Hard-constraint tests:

  • monkeypatch socket.socket / common network entry points and assert scan does not call them;
  • monkeypatch urllib.request.urlopen and http.client.HTTPConnection and assert scan does not call them;
  • if requests or httpx are ever added, monkeypatch their network clients in the same hard-constraint suite;
  • monkeypatch subprocess.run, subprocess.Popen, and os.system and assert scan does not call them;
  • assert scanner source uses yaml.safe_load only and contains no yaml.load( calls before YAML workflow parsing is enabled;
  • assert workflow and YAML manifest files over the v0.1 byte cap are skipped before YAML parsing;
  • assert alias-heavy workflow and YAML manifest files are rejected before object expansion;
  • assert deeply nested YAML is rejected without traceback;
  • snapshot file hashes before and after scan and assert scanned files are not modified;
  • assert symlinks outside the scan root are not followed by default;
  • assert symlinks inside the scan root are skipped in v0.1;
  • assert symlinked directories are not traversed, including directories that point outside the scan root;
  • assert large/binary files are skipped or bounded;
  • assert private-key detection reads only metadata plus a bounded header prefix;
  • assert encrypted PKCS#8 PEM and legacy Proc-Type: 4,ENCRYPTED PEM do not trigger identity.private_key_unencrypted;
  • assert scanner logs and report output do not contain raw secret fixture values.

CLI error tests:

  • --path to a non-existent directory exits 1 without a traceback;
  • --path to a file exits 1 without a traceback;
  • --output to a non-creatable path exits 1 without a traceback.

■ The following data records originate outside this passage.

lemma bnested_if_gaps:
  assumes "a \<le> c" "conserved_ivl a c"
    and "bgaps n Ps b {a..c} = {} \<or> (\<exists>g. bgaps n Ps b {a..c} = {g} \<and> good_gap n Ps b g)"
  shows "bnested n Ps b {a..c}"
  using assms(3)
proof
  assume "bgaps n Ps b {a..c} = {}"
  then have "\<And>x y. consecutive (frontiers a c) x y \<Longrightarrow> y - x \<le> int b"
    using bgaps_eq[OF assms(1,2)] by fastforce
  moreover have "bnested n Ps b {a..a}"
    using assms(1) conserved_ivl_bounds[OF assms(1,2)]
    by (auto intro: bnested.single simp: conserved_singleton_iff)
  ultimately show ?thesis
    using bnested_extend_right[OF assms(1,2)] frontiers_ends[OF assms(1,2)] by blast
next
  assume "\<exists>g. bgaps n Ps b {a..c} = {g} \<and> good_gap n Ps b g"
  then obtain x y where gap: "bgaps n Ps b {a..c} = {(x, y)}" "good_gap n Ps b (x, y)"
    by auto
  have "(x, y) \<in> bgaps n Ps b {a..c}"
    using gap(1) by simp
  then have xy: "consecutive (frontiers a c) x y"
    using bgaps_eq[OF assms(1,2)] by simp
  have others: "y' - x' \<le> int b"
    if "consecutive (frontiers a c) x' y'" "(x', y') \<noteq> (x, y)" for x' y'
  proof (rule ccontr)
    assume "\<not> y' - x' \<le> int b"
    then have "(x', y') \<in> bgaps n Ps b {a..c}"
      using that bgaps_eq[OF assms(1,2)] by simp
    then show False
      using gap(1) that(2) by simp
  qed
  have "x \<in> frontiers a c"
    using xy by (simp add: consecutive_def)
  have "bnested n Ps b {x..y}"
    using xy gap(2) by (rule bnested_good_gap)
  then have "bnested n Ps b {x..c}"
    using xy others by (intro bnested_extend_right[OF assms(1,2)]) (auto simp: consecutive_def)
  moreover have "x \<le> c"
    using \<open>x \<in> frontiers a c\<close> by (simp add: frontiers_def)
  ultimately show ?thesis
    using xy others frontiers_ends[OF assms(1,2)]
    by (intro bnested_extend_left[OF assms(1,2), of x c]) (auto simp: consecutive_def)
qed

lemma bgaps_eq_of_frontiers:
  assumes "a \<le> c" "conserved_ivl a c" "p \<in> frontiers a c" "q \<in> frontiers a c" "p \<le> q"
    and "(p - a) + (c - q) \<le> int b"
  shows "bgaps n Ps b {a..c} = bgaps n Ps b {p..q}"
proof -
  have inside: "p \<le> x \<and> y \<le> q"
    if "consecutive (frontiers a c) x y" "int b < y - x" for x y
  proof -
    have "a \<le> x" "y \<le> c" "a \<le> p" "q \<le> c"
      using that(1) assms(3,4) by (auto simp: consecutive_def frontiers_def)
    moreover have "y \<le> p" if "x < p"
      using that \<open>consecutive (frontiers a c) x y\<close> assms(3) by (auto simp: consecutive_def)
    moreover have "q \<le> x" if "q < y"
      using that \<open>consecutive (frontiers a c) x y\<close> assms(4) by (auto simp: consecutive_def)
    ultimately show ?thesis
      using that(2) assms(6) by linarith
  qed
  have pq: "conserved_ivl p q"
    using assms(3-5) by (rule conserved_ivl_frontiers)
  show ?thesis
    using inside
    unfolding bgaps_eq[OF assms(1,2)] bgaps_eq[OF assms(5) pq] frontiers_restrict[OF assms(3-5)]
      consecutive_Int_atLeastAtMost_iff by auto
qed

lemma frontier_gap_around_core:
  assumes "a \<le> p" "p \<le> q" "q \<le> c" "conserved_ivl a c" "conserved_ivl p q"
    and "p \<notin> frontiers a c"
  obtains x y where "consecutive (frontiers a c) x y" "x < p" "q < y"
proof -
  have ends: "a \<in> frontiers a c" "c \<in> frontiers a c"
    using assms frontiers_ends[of a c] by auto
  have q: "q \<notin> frontiers a c"
    using assms frontier_iff_frontier by blast
  have outside: "f < p \<or> q < f" if "f \<in> frontiers a c" for f
  proof (rule ccontr)
    assume "\<not> (f < p \<or> q < f)"
    moreover have "f \<noteq> p" "f \<noteq> q" "a \<noteq> p"
      using that ends(1) assms(6) q by auto
    ultimately have "a < p" "p < f" "f < q"
      using assms(1) by auto
    then have "conserved_ivl a p"
      using that assms(5) conserved_ivl_overlap[of a p f q] by (auto simp: frontiers_def)
    then have "p \<in> frontiers a c"
      using assms conserved_ivl_right_part[of a p c] by (auto simp: frontiers_def)
    with assms(6) show False ..
  qed
  obtain x where x: "x \<in> frontiers a c" "x < p" "\<And>z. z \<in> frontiers a c \<Longrightarrow> z < p \<Longrightarrow> z \<le> x"
    using finite_max_belowE[OF finite_frontiers ends(1), of p] outside[OF ends(1)] assms(1,2) by auto
  obtain y where y: "y \<in> frontiers a c" "q < y" "\<And>z. z \<in> frontiers a c \<Longrightarrow> q < z \<Longrightarrow> y \<le> z"
    using finite_min_aboveE[OF finite_frontiers ends(2), of q] outside[OF ends(2)] assms(2,3) by auto
  have "consecutive (frontiers a c) x y"
    unfolding consecutive_def using x y outside assms(2) by force
  with x y show ?thesis
    using that by blast
qed

lemma bgaps_subset_gap_around_core:
  assumes "a \<le> c" "conserved_ivl a c" "consecutive (frontiers a c) x y"
    and "x < p" "p \<le> q" "q < y" "(p - a) + (c - q) \<le> int b"
  shows "bgaps n Ps b {a..c} \<subseteq> {(x, y)}"
proof
  fix g assume "g \<in> bgaps n Ps b {a..c}"
  then obtain x' y' where g: "g = (x', y')" "consecutive (frontiers a c) x' y'" "int b < y' - x'"
    using bgaps_eq[OF assms(1,2)] by auto
  have core: "\<not> (p \<le> z \<and> z \<le> q)" if "z \<in> frontiers a c" for z
    using assms(3-6) that unfolding consecutive_def by force
  have x': "x' \<in> frontiers a c" "a \<le> x'" and y': "y' \<in> frontiers a c" "y' \<le> c"
    using g(2) by (auto simp: consecutive_def frontiers_def)
  have "a \<le> x" "y \<le> c"
    using assms(3) by (auto simp: consecutive_def frontiers_def)
  have "x' < p"
  proof (rule ccontr)
    assume "\<not> x' < p"
    then have "q < x'"
      using core[OF x'(1)] by auto
    then show False
      using g(3) y'(2) assms(4,5,7) \<open>a \<le> x\<close> by linarith
  qed
  moreover have "q < y'"
  proof (rule ccontr)
    assume "\<not> q < y'"
    then have "y' < p"
      using core[OF y'(1)] by auto
    then show False
      using g(3) x'(2) assms(5,6,7) \<open>y \<le> c\<close> by linarith
  qed
  ultimately have "x' < y" "x < y'"
    using assms(4-6) by linarith+
  then show "g \<in> {(x, y)}"
    using consecutive_unique[OF assms(3) g(2)] g(1) by auto
qed

lemma conserved_ivl_in_gap_right:
  assumes "a \<le> c" "conserved_ivl a c" "consecutive (frontiers a c) x y"
    and "x < u" "u < y" "u \<le> v" "conserved_ivl u v"
  shows "v < y"
proof (rule ccontr)
  assume "\<not> v < y"
  have x: "a \<le> x" and y: "y \<le> c" "conserved_ivl a y" "conserved_ivl y c"
    using assms(3) by (auto simp: consecutive_def frontiers_def)
  have "conserved_ivl a u \<or> conserved_ivl u c"
  proof (cases "v = y")
    case True
    then show ?thesis
      using assms(5,7) y conserved_ivl_trans[of u y c] by auto
  next
    case False
    then show ?thesis
      using assms(4,5,7) x y \<open>\<not> v < y\<close> conserved_ivl_overlap[of a u y v] by auto
  qed
  then have "u \<in> frontiers a c"
    using assms(2,4,5) x y conserved_ivl_left_part[of a u c] conserved_ivl_right_part[of a u c]
    by (auto simp: frontiers_def)
  then show False
    using assms(3-5) by (auto simp: consecutive_def)
qed

lemma conserved_ivl_in_gap_left:
  assumes "a \<le> c" "conserved_ivl a c" "consecutive (frontiers a c) x y"
    and "x < v" "v < y" "u \<le> v" "conserved_ivl u v"
  shows "x < u"
proof (rule ccontr)
  assume "\<not> x < u"
  have x: "a \<le> x" "conserved_ivl a x" "conserved_ivl x c" and y: "y \<le> c"
    using assms(3) by (auto simp: consecutive_def frontiers_def)
  have "conserved_ivl a v \<or> conserved_ivl v c"
  proof (cases "u = x")
    case True
    then show ?thesis
      using assms(4,7) x conserved_ivl_trans[of a x v] by auto
  next
    case False
    then show ?thesis
      using assms(4,5,7) x y \<open>\<not> x < u\<close> conserved_ivl_overlap[of u x v c] by auto
  qed
  then have "v \<in> frontiers a c"
    using assms(2,4,5) x y conserved_ivl_left_part[of a v c] conserved_ivl_right_part[of a v c]
    by (auto simp: frontiers_def)
  then show False
    using assms(3-5) by (auto simp: consecutive_def)
qed

lemma overlap_in_gap_extends:
  assumes "a \<le> c" "conserved_ivl a c" "consecutive (frontiers a c) x y"
    and "x < p" "p \<le> q" "q < y" "conserved_ivl p q" "conserved n Ps L" "overlap {p..q} L"
  obtains L' where "conserved n Ps L'" "{p..q} \<subset> L'" "L' \<subseteq> {x<..<y}"
proof -
  obtain r s where rs: "r \<le> s" "L = {r..s}"
    using assms(8) by (rule conservedE)
  with assms(5,9) have "p < r \<and> r \<le> q \<and> q < s \<or> r < p \<and> p \<le> s \<and> s < q"
    by (simp add: overlap_def Min_Max_atLeastAtMost_int)
  then show ?thesis
  proof
    assume o: "p < r \<and> r \<le> q \<and> q < s"
    then have "s < y"
      using conserved_ivl_in_gap_right[OF assms(1-3), of r s] assms(4,6,8) rs by auto
    moreover have "conserved_ivl p s"
      using o assms(7,8) rs conserved_ivl_Un_overlap[of p r q s] by auto
    moreover have "{p..q} \<subset> {p..s}"
      using o by (intro psubsetI) auto
    moreover have "{p..s} \<subseteq> {x<..<y}"
      using \<open>s < y\<close> assms(4) by auto
    ultimately show ?thesis
      using that by blast
  next
    assume o: "r < p \<and> p \<le> s \<and> s < q"
    then have "x < r"
      using conserved_ivl_in_gap_left[OF assms(1-3), of s r] assms(4,6,8) rs by auto
    moreover have "conserved_ivl r q"
      using o assms(7,8) rs conserved_ivl_Un_overlap[of r p s q] by auto
    moreover have "{p..q} \<subset> {r..q}"
      using o by (intro psubsetI) auto
    moreover have "{r..q} \<subseteq> {x<..<y}"
      using \<open>x < r\<close> assms(6) by auto
    ultimately show ?thesis
      using that by blast
  qed
qed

Cross-platform parsing tests:

  • CRLF GitHub workflow YAML parses the same as LF.
  • UTF-8 BOM workflow YAML parses without crashing.

Local sanity tests:

  • pip install -e . succeeds in a fresh virtual environment;
  • lurkr scan --help prints the scan help;
  • lurkr scan --path . --output /tmp/report.json exits 0;
  • /tmp/report.json parses as JSON and follows the empty v0.1 schema.

Known Limitations

  • v0.1 is a best-effort heuristic scanner. It can produce false positives and false negatives, especially for unusual deploy wording or project-specific approval conventions.
  • YAML alias usage is capped before object expansion, but carefully crafted YAML within the v0.1 alias limit can still consume non-zero parser memory.
  • Oversized, unreadable, undecodable, malformed, or parser-rejected files are skipped without a per-file skip reason in v0.1 reports.
  • The dangerous fixture includes an intentional synthetic PEM-shaped file. Public-repo secret scanners should allowlist that fixture path; it does not contain a real key.

Out Of Scope For v0.1

  • check command alias;
  • GitHub repository creation or remote push;
  • GitHub tag or release publication without explicit approval;
  • PyPI upload without explicit approval;
  • AVP backend/core code, deployment, credentials, logs, or production changes.